- [RECORDS SHOWN]
lemma D_feasible:
  assumes "d \<in> D"
  shows "x + d \<in> \<Omega>"
proof -
  consider j where "d = dvec \<alpha> A j" | j where "d = - (min 1 (max_step j) *\<^sub>R dvec \<alpha> A j)"
    | k where "k \<in> {CARD('q)+1..CARD('n)}" "d = \<alpha> *\<^sub>R u k \<or> d = - (\<alpha> *\<^sub>R u k)"
    using assms unfolding Dset_def step_j_eq by blast
  then show ?thesis
  proof cases
    case (2 j)
    then show ?thesis
      using backstep_feasible_iff[of "min 1 (max_step j)" j] max_step_nonneg[of j] by simp
  next
    case (3 k)
    have "norm d = \<alpha>"
      using 3 alpha_pos orthonormal_familyD(3)[OF u_orth, of k] by auto
    moreover have "a (idx l) \<bullet> d = 0" for l
      using 3 inner_u_complement by auto
    ultimately show ?thesis
      using constraint_at_x by (intro add_feasible) simp_all
  qed (simp add: dvec_feasible)
qed

lemma pos_comb_bounded_dvec:
  assumes "x + v \<in> \<Omega>" "norm v \<le> \<alpha>"
  shows "pos_comb_bounded D (kappa A)
           ((- (a (idx j) \<bullet> v) * norm (dhat A j) / \<alpha>) *\<^sub>R dvec \<alpha> A j)"
proof (cases "a (idx j) \<bullet> v \<le> 0")
  case True
  then have "- (a (idx j) \<bullet> v) * norm (dhat A j) / \<alpha> \<ge> 0"
    using alpha_pos by (simp add: divide_nonpos_pos mult_nonpos_nonneg)
  with True show ?thesis
    using dvec_coeff_le_kappa[OF assms(2), of j]
    by (intro pos_comb_bounded_mono[OF pos_comb_bounded_scaleR_mem[OF finite_D dvec_in_D]]) simp_all
next
  case False
  define s where "s = min 1 (max_step j)"
  define c where "c = (a (idx j) \<bullet> v) * norm (dhat A j) / \<alpha> / s"
  have "max_step j > 0"
    using False inner_le_slack[OF assms(1), of j] alpha_pos norm_dhat_pos[of j]
    by (simp add: max_step_def)
  then have "s > 0" by (simp add: s_def)
  then have "(- (a (idx j) \<bullet> v) * norm (dhat A j) / \<alpha>) *\<^sub>R dvec \<alpha> A j
      = c *\<^sub>R (- (s *\<^sub>R dvec \<alpha> A j))"
    by (simp add: c_def)
  moreover have "c \<ge> 0"
    using False alpha_pos \<open>s > 0\<close> by (simp add: c_def)
  moreover have "c \<le> kappa A"
    using dvec_coeff_div_step_le_kappa[OF assms, of j] False by (simp add: c_def s_def)
  ultimately show ?thesis
    using backstep_in_D[of j, folded s_def]
    by (metis pos_comb_bounded_mono pos_comb_bounded_scaleR_mem finite_D)
qed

- [GOAL OF THE EXERCISE] Print out the entire listing above without any change.

- [RESULT FOR THIS EXERCISE]
lemma D_feasible:
  assumes "d \<in> D"
  shows "x + d \<in> \<Omega>"
proof -
  consider j where "d = dvec \<alpha> A j" | j where "d = - (min 1 (max_step j) *\<^sub>R dvec \<alpha> A j)"
    | k where "k \<in> {CARD('q)+1..CARD('n)}" "d = \<alpha> *\<^sub>R u k \<or> d = - (\<alpha> *\<^sub>R u k)"
    using assms unfolding Dset_def step_j_eq by blast
  then show ?thesis
  proof cases
    case (2 j)
    then show ?thesis
      using backstep_feasible_iff[of "min 1 (max_step j)" j] max_step_nonneg[of j] by simp
  next
    case (3 k)
    have "norm d = \<alpha>"
      using 3 alpha_pos orthonormal_familyD(3)[OF u_orth, of k] by auto
    moreover have "a (idx l) \<bullet> d = 0" for l
      using 3 inner_u_complement by auto
    ultimately show ?thesis
      using constraint_at_x by (intro add_feasible) simp_all
  qed (simp add: dvec_feasible)
qed

lemma pos_comb_bounded_dvec:
  assumes "x + v \<in> \<Omega>" "norm v \<le> \<alpha>"
  shows "pos_comb_bounded D (kappa A)
           ((- (a (idx j) \<bullet> v) * norm (dhat A j) / \<alpha>) *\<^sub>R dvec \<alpha> A j)"
proof (cases "a (idx j) \<bullet> v \<le> 0")
  case True
  then have "- (a (idx j) \<bullet> v) * norm (dhat A j) / \<alpha> \<ge> 0"
    using alpha_pos by (simp add: divide_nonpos_pos mult_nonpos_nonneg)
  with True show ?thesis
    using dvec_coeff_le_kappa[OF assms(2), of j]
    by (intro pos_comb_bounded_mono[OF pos_comb_bounded_scaleR_mem[OF finite_D dvec_in_D]]) simp_all
next
  case False
  define s where "s = min 1 (max_step j)"
  define c where "c = (a (idx j) \<bullet> v) * norm (dhat A j) / \<alpha> / s"
  have "max_step j > 0"
    using False inner_le_slack[OF assms(1), of j] alpha_pos norm_dhat_pos[of j]
    by (simp add: max_step_def)
  then have "s > 0" by (simp add: s_def)
  then have "(- (a (idx j) \<bullet> v) * norm (dhat A j) / \<alpha>) *\<^sub>R dvec \<alpha> A j
      = c *\<^sub>R (- (s *\<^sub>R dvec \<alpha> A j))"
    by (simp add: c_def)
  moreover have "c \<ge> 0"
    using False alpha_pos \<open>s > 0\<close> by (simp add: c_def)
  moreover have "c \<le> kappa A"
    using dvec_coeff_div_step_le_kappa[OF assms, of j] False by (simp add: c_def s_def)
  ultimately show ?thesis
    using backstep_in_D[of j, folded s_def]
    by (metis pos_comb_bounded_mono pos_comb_bounded_scaleR_mem finite_D)
qed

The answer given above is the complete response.